lemma escape_solution_asymp_equiv:
  assumes "escape_solution T \<psi>" "escape_time \<sim>[at_top] g"
  shows "(\<lambda>t. g (\<psi> t)) \<sim>[at_left T] (\<lambda>t. T - t)"
proof (rule asymp_equiv_transfer)
  show "(\<lambda>t. g (\<psi> t)) \<sim>[at_left T] (\<lambda>t. escape_time (\<psi> t))"
    using assms(1) by (intro asymp_equiv_compose'[OF asymp_equiv_symI[OF assms(2)]])
      (simp add: escape_solution_def)
  show "eventually (\<lambda>t. escape_time (\<psi> t) = T - t) (at_left T)"
    using eventually_at_left_real[of "T - 1" T]
    by (rule eventually_mono) (auto intro: escape_solution_escape_time[OF assms(1)])
qed simp

end

definition inv_rhs :: "real \<Rightarrow> real \<Rightarrow> real \<Rightarrow> real" where
  "inv_rhs p \<alpha> x = x powr (-p) * ln (x\<^sup>2 + 2) powr (-\<alpha>)"

lemma sq_add_two_pos: "(x::real)\<^sup>2 + 2 > 0"
  using zero_le_power2[of x] by linarith

lemma ln_sq_add_two_pos: "ln ((x::real)\<^sup>2 + 2) > 0"
  using zero_le_power2[of x] by (intro ln_gt_zero) linarith

lemma inv_rhs_pos: "x > 0 \<Longrightarrow> inv_rhs p \<alpha> x > 0"
  using ln_sq_add_two_pos[of x] by (simp add: inv_rhs_def)

lemma inverse_inv_rhs: "inverse (inv_rhs p \<alpha> x) = x powr p * ln (x\<^sup>2 + 2) powr \<alpha>"
  by (simp add: inv_rhs_def powr_minus)

lemma bdd_above_antiderivative_inv_rhs:
  assumes "p > 1" and H: "\<And>x. x > 0 \<Longrightarrow> (H has_real_derivative inv_rhs p \<alpha> x) (at x)"
  shows "bdd_above (H ` {0<..})"
proof -
  have H_mono: "H x \<le> H y" if "0 < x" "x \<le> y" for x y
    using that H inv_rhs_pos[of _ p \<alpha>]
    by (intro DERIV_nonneg_imp_nondecreasing[OF that(2)]) (metis less_eq_real_def less_le_trans)
  define q where "q = (p + 1) / 2"
  have "((\<lambda>x. x powr q * inv_rhs p \<alpha> x) \<longlongrightarrow> 0) at_top"
    using assms(1) unfolding q_def inv_rhs_def by real_asymp
  then have "eventually (\<lambda>x. x powr q * inv_rhs p \<alpha> x < 1 \<and> 1 \<le> x) at_top"
    by (intro eventually_conj order_tendstoD(2) eventually_ge_at_top) auto
  then obtain x\<^sub>0 where x\<^sub>0: "\<And>x. x \<ge> x\<^sub>0 \<Longrightarrow> x powr q * inv_rhs p \<alpha> x < 1 \<and> 1 \<le> x"
    unfolding eventually_at_top_linorder by blast
  have "x\<^sub>0 \<ge> 1" using x\<^sub>0[of x\<^sub>0] by simp
  have bound: "inv_rhs p \<alpha> x \<le> 1 * x powr (-q)" if "x \<ge> x\<^sub>0" for x
    using x\<^sub>0[OF that] by (simp add: powr_minus field_simps)
  define M where "M = H x\<^sub>0 + 1 / (q - 1) * x\<^sub>0 powr (1 - q)"
  have "H x \<le> M" if "x > 0" for x
  proof (cases "x \<ge> x\<^sub>0")
    case True
    then show ?thesis
      unfolding M_def using assms \<open>x\<^sub>0 \<ge> 1\<close> bound
      by (intro antiderivative_le_of_le_powr[where h = "inv_rhs p \<alpha>"]) (auto simp: q_def)
  next
    case False
    then have "H x \<le> H x\<^sub>0" using H_mono that by simp
    moreover have "1 / (q - 1) * x\<^sub>0 powr (1 - q) \<ge> 0" using assms(1) by (simp add: q_def)
    ultimately show ?thesis by (simp add: M_def)
  qed
  then show ?thesis by (intro bdd_aboveI2[where M = M]) simp
qed

lemma antiderivative_inv_rhs_at_right_0:
  assumes "p > 1" and H: "\<And>x. x > 0 \<Longrightarrow> (H has_real_derivative inv_rhs p \<alpha> x) (at x)"
  shows "filterlim H at_bot (at_right 0)"
proof -
  define c where "c = ln 2 powr (-\<alpha>) / 2"
  have "((\<lambda>x. inv_rhs p \<alpha> x / x powr (-p)) \<longlongrightarrow> ln 2 powr (-\<alpha>)) (at_right 0)"
    unfolding inv_rhs_def by real_asymp
  moreover have "c < ln 2 powr (-\<alpha>)" by (simp add: c_def)
  ultimately have "eventually (\<lambda>x. c < inv_rhs p \<alpha> x / x powr (-p)) (at_right 0)"
    by (rule order_tendstoD)
  then obtain x\<^sub>1 where "x\<^sub>1 > 0"
    and x\<^sub>1: "\<And>x. 0 < x \<Longrightarrow> x < x\<^sub>1 \<Longrightarrow> c < inv_rhs p \<alpha> x / x powr (-p)"
    unfolding eventually_at_right_field by auto
  show ?thesis
  proof (rule antiderivative_at_right_0_at_bot[of p "x\<^sub>1 / 2" c])
    fix x assume "0 < x" "x \<le> x\<^sub>1 / 2"
    then show "c * x powr (-p) \<le> inv_rhs p \<alpha> x"
      using x\<^sub>1[of x] \<open>x\<^sub>1 > 0\<close> by (simp add: pos_less_divide_eq less_imp_le)
  qed (use assms \<open>x\<^sub>1 > 0\<close> in \<open>auto simp: c_def\<close>)
qed

lemma finite_escape_inv_rhs:
  assumes "p > 1"
  obtains H where "finite_escape (inv_rhs p \<alpha>) H"
proof -
  have "\<exists>H. \<forall>x. 0 < ereal x \<longrightarrow> ereal x < \<infinity> \<longrightarrow>
          (H has_vector_derivative inv_rhs p \<alpha> x) (at x)"
    using less_imp_neq[OF ln_sq_add_two_pos, symmetric] less_imp_neq[OF sq_add_two_pos, symmetric]
    by (intro einterval_antiderivative) (auto simp: inv_rhs_def intro!: continuous_intros)
  then obtain H where H: "\<And>x. x > 0 \<Longrightarrow> (H has_real_derivative inv_rhs p \<alpha> x) (at x)"
    by (auto simp: has_real_derivative_iff_has_vector_derivative)
  have "finite_escape (inv_rhs p \<alpha>) H"
    using H inv_rhs_pos bdd_above_antiderivative_inv_rhs[OF assms H]
      antiderivative_inv_rhs_at_right_0[OF assms H]
    by unfold_locales
  then show ?thesis by (rule that)
qed

text \<open>The leading term of the escape time for \<open>h = inv_rhs p \<alpha>\<close>: integrate \<open>x\<^sup>-\<^sup>p\<close> and
  treat the slowly varying logarithmic factor as a constant.\<close>

definition escape_approx :: "real \<Rightarrow> real \<Rightarrow> real \<Rightarrow> real" where
  "escape_approx p \<alpha> x = x powr (1 - p) * ln (x\<^sup>2 + 2) powr (-\<alpha>) / (p - 1)"

lemma escape_approx_pos: "p > 1 \<Longrightarrow> x > 0 \<Longrightarrow> escape_approx p \<alpha> x > 0"
  using ln_sq_add_two_pos[of x] by (simp add: escape_approx_def)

Task details — Keep every word as given and return the full listing.

Task response —
lemma escape_solution_asymp_equiv:
  assumes "escape_solution T \<psi>" "escape_time \<sim>[at_top] g"
  shows "(\<lambda>t. g (\<psi> t)) \<sim>[at_left T] (\<lambda>t. T - t)"
proof (rule asymp_equiv_transfer)
  show "(\<lambda>t. g (\<psi> t)) \<sim>[at_left T] (\<lambda>t. escape_time (\<psi> t))"
    using assms(1) by (intro asymp_equiv_compose'[OF asymp_equiv_symI[OF assms(2)]])
      (simp add: escape_solution_def)
  show "eventually (\<lambda>t. escape_time (\<psi> t) = T - t) (at_left T)"
    using eventually_at_left_real[of "T - 1" T]
    by (rule eventually_mono) (auto intro: escape_solution_escape_time[OF assms(1)])
qed simp

end

definition inv_rhs :: "real \<Rightarrow> real \<Rightarrow> real \<Rightarrow> real" where
  "inv_rhs p \<alpha> x = x powr (-p) * ln (x\<^sup>2 + 2) powr (-\<alpha>)"

lemma sq_add_two_pos: "(x::real)\<^sup>2 + 2 > 0"
  using zero_le_power2[of x] by linarith

lemma ln_sq_add_two_pos: "ln ((x::real)\<^sup>2 + 2) > 0"
  using zero_le_power2[of x] by (intro ln_gt_zero) linarith

lemma inv_rhs_pos: "x > 0 \<Longrightarrow> inv_rhs p \<alpha> x > 0"
  using ln_sq_add_two_pos[of x] by (simp add: inv_rhs_def)

lemma inverse_inv_rhs: "inverse (inv_rhs p \<alpha> x) = x powr p * ln (x\<^sup>2 + 2) powr \<alpha>"
  by (simp add: inv_rhs_def powr_minus)

lemma bdd_above_antiderivative_inv_rhs:
  assumes "p > 1" and H: "\<And>x. x > 0 \<Longrightarrow> (H has_real_derivative inv_rhs p \<alpha> x) (at x)"
  shows "bdd_above (H ` {0<..})"
proof -
  have H_mono: "H x \<le> H y" if "0 < x" "x \<le> y" for x y
    using that H inv_rhs_pos[of _ p \<alpha>]
    by (intro DERIV_nonneg_imp_nondecreasing[OF that(2)]) (metis less_eq_real_def less_le_trans)
  define q where "q = (p + 1) / 2"
  have "((\<lambda>x. x powr q * inv_rhs p \<alpha> x) \<longlongrightarrow> 0) at_top"
    using assms(1) unfolding q_def inv_rhs_def by real_asymp
  then have "eventually (\<lambda>x. x powr q * inv_rhs p \<alpha> x < 1 \<and> 1 \<le> x) at_top"
    by (intro eventually_conj order_tendstoD(2) eventually_ge_at_top) auto
  then obtain x\<^sub>0 where x\<^sub>0: "\<And>x. x \<ge> x\<^sub>0 \<Longrightarrow> x powr q * inv_rhs p \<alpha> x < 1 \<and> 1 \<le> x"
    unfolding eventually_at_top_linorder by blast
  have "x\<^sub>0 \<ge> 1" using x\<^sub>0[of x\<^sub>0] by simp
  have bound: "inv_rhs p \<alpha> x \<le> 1 * x powr (-q)" if "x \<ge> x\<^sub>0" for x
    using x\<^sub>0[OF that] by (simp add: powr_minus field_simps)
  define M where "M = H x\<^sub>0 + 1 / (q - 1) * x\<^sub>0 powr (1 - q)"
  have "H x \<le> M" if "x > 0" for x
  proof (cases "x \<ge> x\<^sub>0")
    case True
    then show ?thesis
      unfolding M_def using assms \<open>x\<^sub>0 \<ge> 1\<close> bound
      by (intro antiderivative_le_of_le_powr[where h = "inv_rhs p \<alpha>"]) (auto simp: q_def)
  next
    case False
    then have "H x \<le> H x\<^sub>0" using H_mono that by simp
    moreover have "1 / (q - 1) * x\<^sub>0 powr (1 - q) \<ge> 0" using assms(1) by (simp add: q_def)
    ultimately show ?thesis by (simp add: M_def)
  qed
  then show ?thesis by (intro bdd_aboveI2[where M = M]) simp
qed

lemma antiderivative_inv_rhs_at_right_0:
  assumes "p > 1" and H: "\<And>x. x > 0 \<Longrightarrow> (H has_real_derivative inv_rhs p \<alpha> x) (at x)"
  shows "filterlim H at_bot (at_right 0)"
proof -
  define c where "c = ln 2 powr (-\<alpha>) / 2"
  have "((\<lambda>x. inv_rhs p \<alpha> x / x powr (-p)) \<longlongrightarrow> ln 2 powr (-\<alpha>)) (at_right 0)"
    unfolding inv_rhs_def by real_asymp
  moreover have "c < ln 2 powr (-\<alpha>)" by (simp add: c_def)
  ultimately have "eventually (\<lambda>x. c < inv_rhs p \<alpha> x / x powr (-p)) (at_right 0)"
    by (rule order_tendstoD)
  then obtain x\<^sub>1 where "x\<^sub>1 > 0"
    and x\<^sub>1: "\<And>x. 0 < x \<Longrightarrow> x < x\<^sub>1 \<Longrightarrow> c < inv_rhs p \<alpha> x / x powr (-p)"
    unfolding eventually_at_right_field by auto
  show ?thesis
  proof (rule antiderivative_at_right_0_at_bot[of p "x\<^sub>1 / 2" c])
    fix x assume "0 < x" "x \<le> x\<^sub>1 / 2"
    then show "c * x powr (-p) \<le> inv_rhs p \<alpha> x"
      using x\<^sub>1[of x] \<open>x\<^sub>1 > 0\<close> by (simp add: pos_less_divide_eq less_imp_le)
  qed (use assms \<open>x\<^sub>1 > 0\<close> in \<open>auto simp: c_def\<close>)
qed

lemma finite_escape_inv_rhs:
  assumes "p > 1"
  obtains H where "finite_escape (inv_rhs p \<alpha>) H"
proof -
  have "\<exists>H. \<forall>x. 0 < ereal x \<longrightarrow> ereal x < \<infinity> \<longrightarrow>
          (H has_vector_derivative inv_rhs p \<alpha> x) (at x)"
    using less_imp_neq[OF ln_sq_add_two_pos, symmetric] less_imp_neq[OF sq_add_two_pos, symmetric]
    by (intro einterval_antiderivative) (auto simp: inv_rhs_def intro!: continuous_intros)
  then obtain H where H: "\<And>x. x > 0 \<Longrightarrow> (H has_real_derivative inv_rhs p \<alpha> x) (at x)"
    by (auto simp: has_real_derivative_iff_has_vector_derivative)
  have "finite_escape (inv_rhs p \<alpha>) H"
    using H inv_rhs_pos bdd_above_antiderivative_inv_rhs[OF assms H]
      antiderivative_inv_rhs_at_right_0[OF assms H]
    by unfold_locales
  then show ?thesis by (rule that)
qed

text \<open>The leading term of the escape time for \<open>h = inv_rhs p \<alpha>\<close>: integrate \<open>x\<^sup>-\<^sup>p\<close> and
  treat the slowly varying logarithmic factor as a constant.\<close>

definition escape_approx :: "real \<Rightarrow> real \<Rightarrow> real \<Rightarrow> real" where
  "escape_approx p \<alpha> x = x powr (1 - p) * ln (x\<^sup>2 + 2) powr (-\<alpha>) / (p - 1)"

lemma escape_approx_pos: "p > 1 \<Longrightarrow> x > 0 \<Longrightarrow> escape_approx p \<alpha> x > 0"
  using ln_sq_add_two_pos[of x] by (simp add: escape_approx_def)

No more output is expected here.